About this exercise ::
Write out exactly, with no other output, the lines below from the one that contains "1 \<le> length" through the end.

*** Block opens ***

(* For every integer $g\ge1$, there are at most $2^{g-1}$ numerical semigroups of genus $g$.
   Context: A numerical semigroup is a submonoid $S$ of $(\mathbb N,+)$ with finite complement; its genus is $\#(\mathbb N\setminus S)$. *)

theory Defs
  imports Main
begin

definition numerical_semigroup :: "nat set \<Rightarrow> bool" where
  "numerical_semigroup S \<longleftrightarrow>
     0 \<in> S \<and> (\<forall>a\<in>S. \<forall>b\<in>S. a + b \<in> S) \<and> finite (UNIV - S)"

definition genus :: "nat set \<Rightarrow> nat" where
  "genus S = card (UNIV - S)"

end

theory Submission
  imports Defs
begin

text \<open>Fix a positive element m of S. As S + m is contained in S, the gaps congruent to i
  modulo m are exactly i, i + m, ..., i + (k_i - 1) m for some k_i, so S is determined by m and
  the Kunz coordinates k_1, ..., k_(m-1) (while k_0 = 0), and the genus is their sum. When m is
  the multiplicity, 1, ..., m - 1 are gaps, so every k_i is positive: S is encoded injectively
  by a composition of its genus g, and g has 2^(g-1) compositions.\<close>

definition compositions :: "nat \<Rightarrow> nat list set" where
  "compositions n = {xs. (\<forall>x\<in>set xs. 0 < x) \<and> sum_list xs = n}"

lemma length_le_sum_list_pos:
  "\<forall>x\<in>set xs. 0 < x \<Longrightarrow> length xs \<le> sum_list (xs :: nat list)"
  by (induction xs) auto

lemma finite_compositions: "finite (compositions n)"
proof (rule finite_subset)
  show "compositions n \<subseteq> {xs. set xs \<subseteq> {..n} \<and> length xs \<le> n}"
    using length_le_sum_list_pos member_le_sum_list by (fastforce simp: compositions_def)
qed (rule finite_lists_length_le, simp)

lemma compositions_Suc_0: "compositions (Suc 0) = {[1]}"
proof -
  have "xs = [1]" if "\<forall>x\<in>set xs. 0 < x" "sum_list xs = Suc 0" for xs :: "nat list"
    using that length_le_sum_list_pos[OF that(1)] by (cases xs) auto
  then show ?thesis by (auto simp: compositions_def)
qed

lemma compositions_Suc_Suc_subset:
  "compositions (Suc (Suc n)) \<subseteq>
     Cons 1 ` compositions (Suc n) \<union> (\<lambda>xs. Suc (hd xs) # tl xs) ` compositions (Suc n)"
    (is "_ \<subseteq> Cons 1 ` ?C \<union> ?enlarge ` ?C")
proof
  fix xs assume xs: "xs \<in> compositions (Suc (Suc n))"
  then obtain k ys where xs_eq: "xs = k # ys" by (cases xs) (auto simp: compositions_def)
  show "xs \<in> Cons 1 ` ?C \<union> ?enlarge ` ?C"
  proof (cases "k = 1")
    case True
    then have "ys \<in> ?C" using xs xs_eq by (auto simp: compositions_def)
    then show ?thesis using xs_eq True by blast
  next
    case False
    then have "(k - 1) # ys \<in> ?C" "xs = ?enlarge ((k - 1) # ys)"
      using xs xs_eq by (auto simp: compositions_def)
    then show ?thesis by blast
  qed
qed

lemma card_compositions_le: "card (compositions (Suc n)) \<le> 2 ^ n"
proof (induction n)
  case 0
  then show ?case by (simp add: compositions_Suc_0)
next
  case (Suc n)
  let ?C = "compositions (Suc n)"
  have "card (compositions (Suc (Suc n)))
          \<le> card (Cons 1 ` ?C \<union> (\<lambda>xs. Suc (hd xs) # tl xs) ` ?C)"
    by (intro card_mono compositions_Suc_Suc_subset) (simp add: finite_compositions)
  also have "\<dots> \<le> card (Cons 1 ` ?C) + card ((\<lambda>xs. Suc (hd xs) # tl xs) ` ?C)"
    by (rule card_Un_le)
  also have "\<dots> \<le> card ?C + card ?C"
    by (intro add_mono card_image_le finite_compositions)
  also have "\<dots> \<le> 2 ^ Suc n" using Suc.IH by simp
  finally show ?case .
qed

lemma numerical_semigroup_zero: "numerical_semigroup S \<Longrightarrow> 0 \<in> S"
  by (simp add: numerical_semigroup_def)

lemma numerical_semigroup_add: "numerical_semigroup S \<Longrightarrow> a \<in> S \<Longrightarrow> b \<in> S \<Longrightarrow> a + b \<in> S"
  by (simp add: numerical_semigroup_def)

lemma numerical_semigroup_finite_gaps: "numerical_semigroup S \<Longrightarrow> finite (UNIV - S)"
  by (simp add: numerical_semigroup_def)

lemma numerical_semigroup_add_mult:
  assumes "numerical_semigroup S" "m \<in> S" "x \<in> S"
  shows "x + k * m \<in> S"
proof (induction k)
  case (Suc k)
  then have "(x + k * m) + m \<in> S" using assms numerical_semigroup_add by blast
  then show ?case by (simp add: algebra_simps)
qed (use assms in simp)

definition kunz :: "nat set \<Rightarrow> nat \<Rightarrow> nat \<Rightarrow> nat" where
  "kunz S m i = card {j. i + j * m \<notin> S}"

lemma finite_down_closed_eq_lessThan:
  fixes D :: "nat set"
  assumes "finite D" and down: "\<And>j j'. j \<in> D \<Longrightarrow> j' < j \<Longrightarrow> j' \<in> D"
  shows "D = {..<card D}"
proof -
  define n where "n = (LEAST k. k \<notin> D)"
  have "\<exists>k. k \<notin> D" using assms(1) by (meson ex_new_if_finite infinite_UNIV_nat)
  then have "n \<notin> D" unfolding n_def by (rule LeastI_ex)
  then have "D \<subseteq> {..<n}" using down linorder_less_linear by blast
  moreover have "{..<n} \<subseteq> D" unfolding n_def using not_less_Least by blast
  ultimately show ?thesis by simp
qed

lemma kunz_gap_indices:
  assumes S: "numerical_semigroup S" and m: "m \<in> S" "0 < m"
  shows "{j. i + j * m \<notin> S} = {..<kunz S m i}"
  unfolding kunz_def
proof (rule finite_down_closed_eq_lessThan)
  have "inj (\<lambda>j. i + j * m)" using m by (auto intro: injI)
  moreover have "(\<lambda>j. i + j * m) ` {j. i + j * m \<notin> S} \<subseteq> UNIV - S" by auto
  then have "finite ((\<lambda>j. i + j * m) ` {j. i + j * m \<notin> S})"
    using numerical_semigroup_finite_gaps[OF S] by (rule finite_subset)
  ultimately show "finite {j. i + j * m \<notin> S}"
    using finite_imageD inj_on_subset by blast
next
  fix j j' assume j: "j \<in> {j. i + j * m \<notin> S}" and "j' < j"
  have eq: "i + j * m = (i + j' * m) + (j - j') * m"
    using \<open>j' < j\<close> by (simp add: diff_mult_distrib)
  show "j' \<in> {j. i + j * m \<notin> S}"
    unfolding mem_Collect_eq
  proof
    assume "i + j' * m \<in> S"
    then have "i + j * m \<in> S"
      unfolding eq by (rule numerical_semigroup_add_mult[OF S m(1)])
    then show False using j by simp
  qed
qed

lemma not_in_iff_kunz:
  assumes "numerical_semigroup S" "m \<in> S" "0 < m"
  shows "x \<notin> S \<longleftrightarrow> x div m < kunz S m (x mod m)"
proof -
  have "x \<notin> S \<longleftrightarrow> x div m \<in> {j. x mod m + j * m \<notin> S}" by simp
  then show ?thesis unfolding kunz_gap_indices[OF assms] by simp
qed

lemma kunz_zero:
  assumes "numerical_semigroup S" "m \<in> S" "0 < m"
  shows "kunz S m 0 = 0"
  using not_in_iff_kunz[OF assms, of 0] numerical_semigroup_zero[OF assms(1)] by simp

lemma genus_eq_sum_kunz:
  assumes S: "numerical_semigroup S" and m: "m \<in> S" "0 < m"
  shows "genus S = (\<Sum>i<m. kunz S m i)"
proof -
  let ?split = "\<lambda>x. (x mod m, x div m)"
  let ?grid = "SIGMA i:{..<m}. {..<kunz S m i}"
  have "inj_on ?split (UNIV - S)" by (rule inj_onI) (metis Pair_inject div_mult_mod_eq)
  then have "genus S = card (?split ` (UNIV - S))" by (simp add: genus_def card_image)
  also have "?split ` (UNIV - S) = ?grid"
  proof
    show "?split ` (UNIV - S) \<subseteq> ?grid"
    proof
      fix p assume "p \<in> ?split ` (UNIV - S)"
      then obtain x where "x \<notin> S" "p = ?split x" by blast
      then show "p \<in> ?grid" using not_in_iff_kunz[OF S m, of x] m by simp
    qed
  next
    show "?grid \<subseteq> ?split ` (UNIV - S)"
    proof
      fix p assume "p \<in> ?grid"
      then obtain i j where p: "p = (i, j)" "i < m" "j < kunz S m i" by auto
      then have "i + j * m \<notin> S" using not_in_iff_kunz[OF S m, of "i + j * m"] by simp
      then show "p \<in> ?split ` (UNIV - S)"
        by (intro rev_image_eqI[of "i + j * m"]) (use p in auto)
    qed
  qed
  finally show ?thesis by simp
qed

definition multiplicity :: "nat set \<Rightarrow> nat" where
  "multiplicity S = (LEAST x. x \<in> S \<and> 0 < x)"

lemma numerical_semigroup_ex_pos:
  assumes "numerical_semigroup S"
  shows "\<exists>x. x \<in> S \<and> 0 < x"
proof (rule ccontr)
  assume "\<nexists>x. x \<in> S \<and> 0 < x"
  then have "UNIV - {0} \<subseteq> UNIV - S" by auto
  then have "finite (UNIV - {0 :: nat})"
    using numerical_semigroup_finite_gaps[OF assms] finite_subset by blast
  then show False by simp
qed

lemma
  assumes "numerical_semigroup S"
  shows multiplicity_in: "multiplicity S \<in> S"
    and multiplicity_pos: "0 < multiplicity S"
    and not_in_below_multiplicity: "0 < x \<Longrightarrow> x < multiplicity S \<Longrightarrow> x \<notin> S"
proof -
  have "multiplicity S \<in> S \<and> 0 < multiplicity S"
    unfolding multiplicity_def using numerical_semigroup_ex_pos[OF assms] by (rule LeastI_ex)
  then show "multiplicity S \<in> S" "0 < multiplicity S" by auto
  show "0 < x \<Longrightarrow> x < multiplicity S \<Longrightarrow> x \<notin> S"
    unfolding multiplicity_def using not_less_Least by blast
qed

definition kunz_coordinates :: "nat set \<Rightarrow> nat list" where
  "kunz_coordinates S = map (kunz S (multiplicity S)) [1..<multiplicity S]"

lemma kunz_coordinates_in_compositions:
  assumes S: "numerical_semigroup S"
  shows "kunz_coordinates S \<in> compositions (genus S)"
proof -
  let ?m = "multiplicity S"
  note m = multiplicity_in[OF S] multiplicity_pos[OF S]
  have "0 < kunz S ?m i" if "0 < i" "i < ?m" for i
    using not_in_iff_kunz[OF S m, of i] not_in_below_multiplicity[OF S that] that by simp
  then have "\<forall>x\<in>set (kunz_coordinates S). 0 < x" by (auto simp: kunz_coordinates_def)
  moreover have "sum_list (kunz_coordinates S) = genus S"
  proof -
    have "genus S = (\<Sum>i<?m. kunz S ?m i)" by (rule genus_eq_sum_kunz[OF S m])
    also have "\<dots> = (\<Sum>i\<in>{1..<?m}. kunz S ?m i)"
      using m kunz_zero[OF S m] by (simp add: sum.atLeast_Suc_lessThan atLeast0LessThan[symmetric])
    finally show ?thesis by (simp add: kunz_coordinates_def interv_sum_list_conv_sum_set_nat)
  qed
  ultimately show ?thesis by (simp add: compositions_def)
qed

lemma kunz_coordinates_inj: "inj_on kunz_coordinates {S. numerical_semigroup S}"
proof (rule inj_onI, clarsimp)
  fix S T assume S: "numerical_semigroup S" and T: "numerical_semigroup T"
    and eq: "kunz_coordinates S = kunz_coordinates T"
  let ?m = "multiplicity S"
  note mS = multiplicity_in[OF S] multiplicity_pos[OF S]
  have "length (kunz_coordinates S) = length (kunz_coordinates T)" using eq by simp
  then have m_eq: "multiplicity T = ?m"
    using mS(2) multiplicity_pos[OF T] by (simp add: kunz_coordinates_def)
  have mT: "?m \<in> T" "0 < ?m" using multiplicity_in[OF T] mS(2) m_eq by auto
  have "kunz S ?m i = kunz T ?m i" if "i < ?m" for i
  proof (cases "i = 0")
    case True
    then show ?thesis using kunz_zero[OF S mS] kunz_zero[OF T mT] by simp
  next
    case False
    then have "kunz_coordinates S ! (i - 1) = kunz S ?m i"
      and "kunz_coordinates T ! (i - 1) = kunz T ?m i"
      using that m_eq by (simp_all add: kunz_coordinates_def)
    then show ?thesis using eq by simp
  qed
  then have "x \<notin> S \<longleftrightarrow> x \<notin> T" for x
    using not_in_iff_kunz[OF S mS, of x] not_in_iff_kunz[OF T mT, of x] mS(2) by simp
  then show "S = T" by blast
qed

theorem corollary2p2:
  fixes g :: nat
  assumes "g \<ge> 1"
  shows "finite {S. numerical_semigroup S \<and> genus S = g} \<and>
         card {S. numerical_semigroup S \<and> genus S = g} \<le> 2 ^ (g - 1)"
proof -
  let ?A = "{S. numerical_semigroup S \<and> genus S = g}"
  have inj: "inj_on kunz_coordinates ?A"
    by (rule inj_on_subset[OF kunz_coordinates_inj]) auto
  have sub: "kunz_coordinates ` ?A \<subseteq> compositions g"
    using kunz_coordinates_in_compositions by auto
  then have "finite ?A"
    using inj finite_compositions finite_imageD finite_subset by blast
  moreover have "card ?A \<le> card (compositions g)"
    using card_inj_on_le[OF inj sub finite_compositions] .
  moreover have "card (compositions g) \<le> 2 ^ (g - 1)"
    using card_compositions_le[of "g - 1"] assms by simp
  ultimately show ?thesis by simp
qed

end
lemma periodic_run_Rw:
  assumes i: "2 \<le> i" "i \<le> length v" and E: "Ew v i = length v" and run: "is_run v (Rw v i)"
    and iD: "i + Dw v i \<le> Ew v i" and Si: "Sw v i < i"
  shows "periodic_run v (Sw v i) (length v) (Dw v i)"
proof -
  have i1: "1 \<le> i" "i \<le> length v" using i by auto
  have per: "has_period_in v (Dw v i) (Sw v i) (length v)"
    using has_period_in_union[OF has_period_in_Sw_Lw[OF i1] has_period_in_Ew[OF i1]] Lw_Dw[OF i1] E by simp
  have "least_period (fac v (Sw v i) (length v)) = Dw v i"
  proof (rule least_period_eq_lyndon_root[OF Sw_ge_1[OF i1] _ _ per])
    show "0 < Dw v i" "Sw v i \<le> i" "i + Dw v i \<le> Suc (length v)"
      using Dw_pos[OF i1] Sw_le[OF i1] iD E by auto
    show "lyndon (cw v i) (fac v i (i + Dw v i - 1))" using lyndon_fac_Lw[OF i1] Lw_Dw[OF i1] by simp
  qed simp
  then show ?thesis
    unfolding periodic_run_def using Sw_ge_1[OF i1] Dw_pos[OF i1] per run E Sw_ge_1[OF i1]
    by (auto simp: Rw_def is_run_iff)
qed

lemma Dw_in_periodic_run:
  assumes run: "periodic_run w S E D" and j: "2 \<le> j" "j \<le> length w" and R: "Rw w j = (S, E)"
  shows "Dw w j = D" "Lw w j = j + D - 1" "S \<le> j"
proof -
  have j1: "1 \<le> j" "j \<le> length w" using j by auto
  have SE: "Sw w j = S" "Ew w j = E" using R by (auto simp: Rw_def)
  note R = periodic_runD[OF run]
  show Sj: "S \<le> j" using Sw_le[OF j1] SE by simp
  have "has_period_in w (Dw w j) S E"
    using has_period_in_union[OF has_period_in_Sw_Lw[OF j1] has_period_in_Ew[OF j1]] Lw_Dw[OF j1] SE by simp
  then have "D \<le> Dw w j"
    using R(7) is_period_fac_iff[OF R(1,2)] Dw_pos[OF j1] unfolding least_period_def by (metis Least_le)
  moreover have "\<not> D < Dw w j"
  proof
    assume "D < Dw w j"
    moreover have "has_period_in w D j (Lw w j)"
      using has_period_in_mono[OF R(4) Sj] Lw_le_Ew[OF j1] SE by simp
    ultimately show False
      using lyndon_fac_no_period[OF j1(1) Lw_le_length[OF j1] lyndon_fac_Lw[OF j1], of D] Lw_Dw[OF j1] R(3)
      by simp
  qed
  ultimately show D: "Dw w j = D" by simp
  show "Lw w j = j + D - 1" using Lw_Dw[OF j1] D by simp
qed

lemma root_in_periodic_run:
  assumes run: "periodic_run w S E D" and x: "S < x" "x + D \<le> Suc E" and D2: "2 \<le> D"
    and ly: "lyndon c (fac w x (x + D - 1))"
    and right: "E = length w \<or> (nth1 w (Suc E) = c \<and> nth1 w (Suc E - D) = (\<not> c))"
  shows "cw w x = c" "Lw w x = x + D - 1" "Dw w x = D" "Sw w x = S" "Ew w x = E"
proof -
  note R = periodic_runD[OF run]
  have x1: "1 \<le> x" "x \<le> length w" using x R D2 by auto
  have "nth1 w (x + D - 1) = (\<not> c)"
    using lyndon_fac_first_last[OF x1(1) _ _ ly] x R D2 by simp
  moreover have "S \<le> x - 1" "x - 1 + D \<le> E" "x - 1 + D = x + D - 1" using x R D2 by auto
  then have "nth1 w (x + D - 1) = nth1 w (x - 1)"
    using R(4) unfolding has_period_in_def by metis
  ultimately show cwx: "cw w x = c" unfolding cw_def by auto
  show Lx: "Lw w x = x + D - 1"
  proof (rule Lw_eqI[OF x1(1)])
    show "x \<le> x + D - 1" "x + D - 1 \<le> length w" "lyndon (cw w x) (fac w x (x + D - 1))"
      using x D2 R ly cwx by auto
    fix j assume j: "x + D - 1 < j" "j \<le> length w"
    show "\<not> lyndon (cw w x) (fac w x j)"
    proof (cases "j \<le> E")
      case True
      show ?thesis
      proof
        assume "lyndon (cw w x) (fac w x j)"
        moreover have "has_period_in w D x j" using has_period_in_mono[OF R(4)] x True by simp
        moreover have "D < Suc j - x" using j D2 by linarith
        ultimately show False using lyndon_fac_no_period[OF x1(1) j(2), of "cw w x" D] D2 by simp
      qed
    next
      case False
      then have br: "nth1 w (Suc E) = c" "nth1 w (Suc E - D) = (\<not> c)" using right j by auto
      have "\<not> lyndon c (fac w x j)"
        by (rule not_lyndon_fac_smaller_break[OF x1(1) j(2) has_period_in_mono[OF R(4)] _ _ _ br])
          (use x D2 False in auto)
      then show ?thesis using cwx by simp
    qed
  qed
  show Dx: "Dw w x = D" using Lx x D2 by (simp add: Dw_def)
  show "Sw w x = S"
    using Sw_eqI[OF x1] has_period_in_mono[OF R(4)] R(1,6) Lx Dx x by simp
  show "Ew w x = E"
    using Ew_eqI[OF x1] has_period_in_mono[OF R(4)] R(2) right Lx Dx x by auto
qed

*** Block closes ***

Reply to the exercise ::
    show "x \<le> x + D - 1" "x + D - 1 \<le> length w" "lyndon (cw w x) (fac w x (x + D - 1))"
      using x D2 R ly cwx by auto
    fix j assume j: "x + D - 1 < j" "j \<le> length w"
    show "\<not> lyndon (cw w x) (fac w x j)"
    proof (cases "j \<le> E")
      case True
      show ?thesis
      proof
        assume "lyndon (cw w x) (fac w x j)"
        moreover have "has_period_in w D x j" using has_period_in_mono[OF R(4)] x True by simp
        moreover have "D < Suc j - x" using j D2 by linarith
        ultimately show False using lyndon_fac_no_period[OF x1(1) j(2), of "cw w x" D] D2 by simp
      qed
    next
      case False
      then have br: "nth1 w (Suc E) = c" "nth1 w (Suc E - D) = (\<not> c)" using right j by auto
      have "\<not> lyndon c (fac w x j)"
        by (rule not_lyndon_fac_smaller_break[OF x1(1) j(2) has_period_in_mono[OF R(4)] _ _ _ br])
          (use x D2 False in auto)
      then show ?thesis using cwx by simp
    qed
  qed
  show Dx: "Dw w x = D" using Lx x D2 by (simp add: Dw_def)
  show "Sw w x = S"
    using Sw_eqI[OF x1] has_period_in_mono[OF R(4)] R(1,6) Lx Dx x by simp
  show "Ew w x = E"
    using Ew_eqI[OF x1] has_period_in_mono[OF R(4)] R(2) right Lx Dx x by auto
qed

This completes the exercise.